This tutorial guides you through the basics of conducting exploratory data analysis (EDA) using Python in a Azure Databricks notebook, from loading data to generating insights through data visualizations.

The notebook used in this tutorial examines global energy and emissions data and demonstrates how to load, clean, and explore data.

You can follow along using the example notebook or create your own notebook from scratch.

What is EDA?

Exploratory data analysis (EDA) is a critical initial step in the data science process that involves analyzing and visualizing data to:

  • Uncover its main characteristics.
  • Identify patterns and trends.
  • Detect anomalies.
  • Understand relationships between variables.

EDA provides insights into the dataset, facilitating informed decisions about further statistical analyses or modeling.

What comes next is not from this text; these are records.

context
  fixes d p q :: real
  assumes d: "d > 0" and pq: "p + 2 * d \<le> q"
begin

lemma trapezoid_bounds: "0 \<le> trapezoid d p q x \<and> trapezoid d p q x \<le> 1"
proof (cases "x \<le> q")
  case True
  then have "(x - q) / d \<le> 0" using d by (simp add: divide_nonpos_pos)
  then show ?thesis using ramp_bounds[of "(x - p) / d"] by (simp add: trapezoid_def ramp_eq_0)
next
  case False
  then have "2 \<le> (x - p) / d" using d pq by (simp add: le_divide_eq)
  then show ?thesis using ramp_bounds[of "(x - q) / d"] by (simp add: trapezoid_def ramp_eq_1)
qed

lemma trapezoid_eq_1: "p + 2 * d \<le> x \<Longrightarrow> x \<le> q \<Longrightarrow> trapezoid d p q x = 1"
  using d by (simp add: trapezoid_def ramp_eq_0 ramp_eq_1 le_divide_eq divide_nonpos_pos)

lemma trapezoid_outside:
  assumes "x \<notin> {p<..<q + 2 * d}"
  shows "trapezoid d p q x = 0" and "trapezoid' d p q x = 0"
proof -
  have "((x - p) / d \<le> 0 \<and> (x - q) / d \<le> 0) \<or> (2 \<le> (x - p) / d \<and> 2 \<le> (x - q) / d)"
    using assms d pq by (auto simp: le_divide_eq divide_nonpos_pos)
  then show "trapezoid d p q x = 0" and "trapezoid' d p q x = 0"
    by (auto simp: trapezoid_def trapezoid'_def ramp_eq_0 ramp_eq_1 ramp'_eq_0)
qed

end

lemma integrable_lborel_vanishing_outside:
  fixes f :: "real \<Rightarrow> 'b::{banach, second_countable_topology}"
  assumes "continuous_on UNIV f" and "\<And>x. x \<notin> {p..q} \<Longrightarrow> f x = 0"
  shows "integrable lborel f"
proof -
  have "integrable lborel (\<lambda>x. indicator {p..q} x *\<^sub>R f x)"
    by (rule borel_integrable_compact) (auto intro: continuous_on_subset[OF assms(1)])
  moreover have "(\<lambda>x. indicator {p..q} x *\<^sub>R f x) = f"
    using assms(2) by (auto simp: indicator_def)
  ultimately show ?thesis by simp
qed

lemma L1norm_translate: "L1norm (\<lambda>x. f (x - c)) = L1norm f"
  unfolding L1norm_def
  using lborel_integral_real_affine[where c = 1 and t = c and f = "\<lambda>x. norm (f (x - c))"] by simp

lemma C10_translate:
  assumes "\<And>x. (f has_vector_derivative f' x) (at x)"
  shows "C10 (\<lambda>x. f (x - c)) = C10 f"
proof -
  have "((\<lambda>x. x - c) has_vector_derivative 1) (at x)" for x
    by (auto intro!: derivative_eq_intros)
  then have "((\<lambda>x. f (x - c)) has_vector_derivative f' (x - c)) (at x)" for x
    using vector_diff_chain_at[of "\<lambda>x. x - c" 1 x f "f' (x - c)"] assms by (simp add: o_def)
  then have "vector_derivative (\<lambda>x. f (x - c)) (at x) = vector_derivative f (at (x - c))" for x
    using vector_derivative_at[OF assms[of "x - c"]] by (simp add: vector_derivative_at)
  then show ?thesis
    unfolding C10_def by (simp add: L1norm_translate[where f = f]
        L1norm_translate[where f = "\<lambda>x. vector_derivative f (at x)"])
qed

context
  fixes d p q :: real
  assumes d: "d > 0" and pq: "p + 2 * d \<le> q"
begin

lemma trapezoid_in_F10: "(\<lambda>x. complex_of_real (trapezoid d p q x)) \<in> F10"
proof -
  have deriv: "((\<lambda>x. complex_of_real (trapezoid d p q x)) has_vector_derivative
      complex_of_real (trapezoid' d p q x)) (at x)" for x
    using trapezoid_has_real_derivative[OF d] by (simp add: has_vector_derivative_of_real)
  have cont: "continuous_on UNIV (\<lambda>x. complex_of_real (trapezoid' d p q x))"
    by (intro continuous_intros continuous_on_trapezoid' d)
  show ?thesis
    unfolding F10_def C1_differentiable_on_def mem_Collect_eq vector_derivative_at[OF deriv]
  proof (intro conjI exI ballI)
    show "integrable lborel (\<lambda>x. complex_of_real (trapezoid d p q x))"
      using trapezoid_outside[OF d pq]
      by (intro integrable_lborel_vanishing_outside[where p = p and q = "q + 2 * d"]
          continuous_intros continuous_on_trapezoid d) auto
    show "integrable lborel (\<lambda>x. complex_of_real (trapezoid' d p q x))"
      using trapezoid_outside[OF d pq]
      by (intro integrable_lborel_vanishing_outside[where p = p and q = "q + 2 * d"] cont) auto
  qed (use deriv cont in auto)
qed

lemma C10_trapezoid:
  "C10 (\<lambda>x. complex_of_real (trapezoid d p q x)) = C10 (\<lambda>x. complex_of_real (trapezoid d 0 (q - p) x))"
proof -
  have shift: "(\<lambda>x. complex_of_real (trapezoid d p q x)) = (\<lambda>x. complex_of_real (trapezoid d 0 (q - p) (x - p)))"
    by (simp add: trapezoid_def algebra_simps)
  have deriv: "((\<lambda>x. complex_of_real (trapezoid d 0 (q - p) x)) has_vector_derivative
      complex_of_real (trapezoid' d 0 (q - p) x)) (at x)" for x
    using trapezoid_has_real_derivative[OF d] by (simp add: has_vector_derivative_of_real)
  show ?thesis
    unfolding shift by (rule C10_translate[OF deriv])
qed

end

lemma gauss_dens_nonneg: "0 < v \<Longrightarrow> 0 \<le> gauss_dens v y"
  by (simp add: gauss_dens_def)

lemma gauss_dens_le: "0 < v \<Longrightarrow> gauss_dens v y \<le> 1 / sqrt (2 * pi * v)"
  by (simp add: gauss_dens_def divide_right_mono divide_nonpos_pos)

lemma continuous_on_gauss_dens: "0 < v \<Longrightarrow> continuous_on UNIV (gauss_dens v)"
  unfolding gauss_dens_def[abs_def] by (intro continuous_intros) auto

lemma gauss_dens_has_real_derivative:
  assumes "0 < v"
  shows "(gauss_dens v has_real_derivative - (y / v) * gauss_dens v y) (at y)"
  unfolding gauss_dens_def[abs_def] using assms
  by (auto intro!: derivative_eq_intros simp: field_simps)

lemma abs_mult_exp_neg_square_le:
  fixes v y :: real
  assumes "0 < v"
  shows "\<bar>y\<bar> * exp (- (y\<^sup>2) / (2 * v)) \<le> 1 + 2 * v"
proof -
  define q where "q = y\<^sup>2 / (2 * v)"
  have q: "0 \<le> q" using assms by (simp add: q_def)
  have "\<bar>y\<bar> \<le> 1 + y\<^sup>2"
  proof (cases "\<bar>y\<bar> \<le> 1")
    case False
    then have "\<bar>y\<bar> * 1 \<le> \<bar>y\<bar> * \<bar>y\<bar>" by (intro mult_left_mono) auto
    then show ?thesis by (simp add: power2_eq_square)
  qed (use zero_le_power2[of y] in linarith)
  also have "\<dots> = 1 + 2 * v * q" using assms by (simp add: q_def)
  also have "\<dots> \<le> (1 + 2 * v) * (1 + q)" using assms q by (simp add: algebra_simps)
  finally have "\<bar>y\<bar> * exp (- q) \<le> (1 + 2 * v) * ((1 + q) * exp (- q))"
    by (simp add: mult_right_mono)
  also have "(1 + q) * exp (- q) \<le> 1"
    using exp_ge_add_one_self[of q] by (simp add: exp_minus field_simps)
  finally show ?thesis using assms by (simp add: q_def)
qed

lemma gauss_dens_lipschitz:
  assumes "0 < v"
  shows "((1 + 2 * v) / (v * sqrt (2 * pi * v)))-lipschitz_on UNIV (gauss_dens v)"
proof (rule lipschitz_onI)
  have bound: "\<bar>- (y / v) * gauss_dens v y\<bar> \<le> (1 + 2 * v) / (v * sqrt (2 * pi * v))" for y
    using abs_mult_exp_neg_square_le[OF assms, of y] assms
    by (simp add: gauss_dens_def abs_mult divide_right_mono flip: divide_divide_eq_left)
  show "dist (gauss_dens v x) (gauss_dens v y) \<le> (1 + 2 * v) / (v * sqrt (2 * pi * v)) * dist x y"
    for x y
    unfolding dist_real_def real_norm_def[symmetric]
    by (rule field_differentiable_bound[of UNIV _ "\<lambda>y. - (y / v) * gauss_dens v y"])
      (use gauss_dens_has_real_derivative[OF assms] bound in auto)
  show "0 \<le> (1 + 2 * v) / (v * sqrt (2 * pi * v))" using assms by simp
qed

lemma mem_Icc_divide_iff: "0 < s \<Longrightarrow> z \<in> {p / s..q / s} \<longleftrightarrow> z * s \<in> {p..q}"
  for s p q z :: real
  by (simp add: pos_divide_le_eq pos_le_divide_eq)

lemma integrable_gauss_dens_scaled:
  fixes h :: "real \<Rightarrow> real"
  assumes "0 < v" "0 < s" "continuous_on UNIV h" "\<And>x. x \<notin> {p..q} \<Longrightarrow> h x = 0"
  shows "integrable lborel (\<lambda>z. gauss_dens v z * h (z * s))"
proof (rule integrable_lborel_vanishing_outside[where p = "p / s" and q = "q / s"])
  show "continuous_on UNIV (\<lambda>z. gauss_dens v z * h (z * s))"
    by (intro continuous_intros continuous_on_gauss_dens assms(1)
        continuous_on_compose2[OF assms(3)]) auto
  show "gauss_dens v z * h (z * s) = 0" if "z \<notin> {p / s..q / s}" for z
    using that assms(4)[of "z * s"] mem_Icc_divide_iff[OF assms(2), of z p q] by (metis mult_zero_right)
qed

lemma gauss_dens_scaled_near:
  assumes "0 < s" "L-lipschitz_on UNIV (gauss_dens v)" "\<bar>z * s - u\<bar> \<le> W"
  shows "\<bar>gauss_dens v z - gauss_dens v (u / s)\<bar> \<le> L * W / s"
proof -
  have "\<bar>z - u / s\<bar> = \<bar>z * s - u\<bar> / s"
    using assms(1) by (simp add: field_simps)
  then have "\<bar>z - u / s\<bar> \<le> W / s"
    using assms by (simp add: divide_right_mono)
  then have "L * \<bar>z - u / s\<bar> \<le> L * (W / s)"
    using lipschitz_on_nonneg[OF assms(2)] by (rule mult_left_mono)
  with lipschitz_onD[OF assms(2), of z "u / s"] show ?thesis
    by (simp add: dist_real_def)
qed

context
  fixes v s L :: real and h :: "real \<Rightarrow> real"
  assumes v: "0 < v" and s: "0 < s" and L: "L-lipschitz_on UNIV (gauss_dens v)"
    and h: "continuous_on UNIV h"
begin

With Azure Databricks notebooks, data scientists can perform EDA using familiar tools. For example, this tutorial uses some common Python libraries to handle and plot data, including:

  • Numpy: a fundamental library for numerical computing, providing support for arrays, matrices, and a wide range of mathematical functions to operate on these data structures.
  • pandas: a powerful data manipulation and analysis library, built on top of NumPy, that offers data structures like DataFrames to handle structured data efficiently.
  • Plotly: an interactive graphing library that enables the creation of high-quality, interactive visualizations for data analysis and presentation.
  • Matplotlib: a comprehensive library for creating static, animated, and interactive visualizations in Python.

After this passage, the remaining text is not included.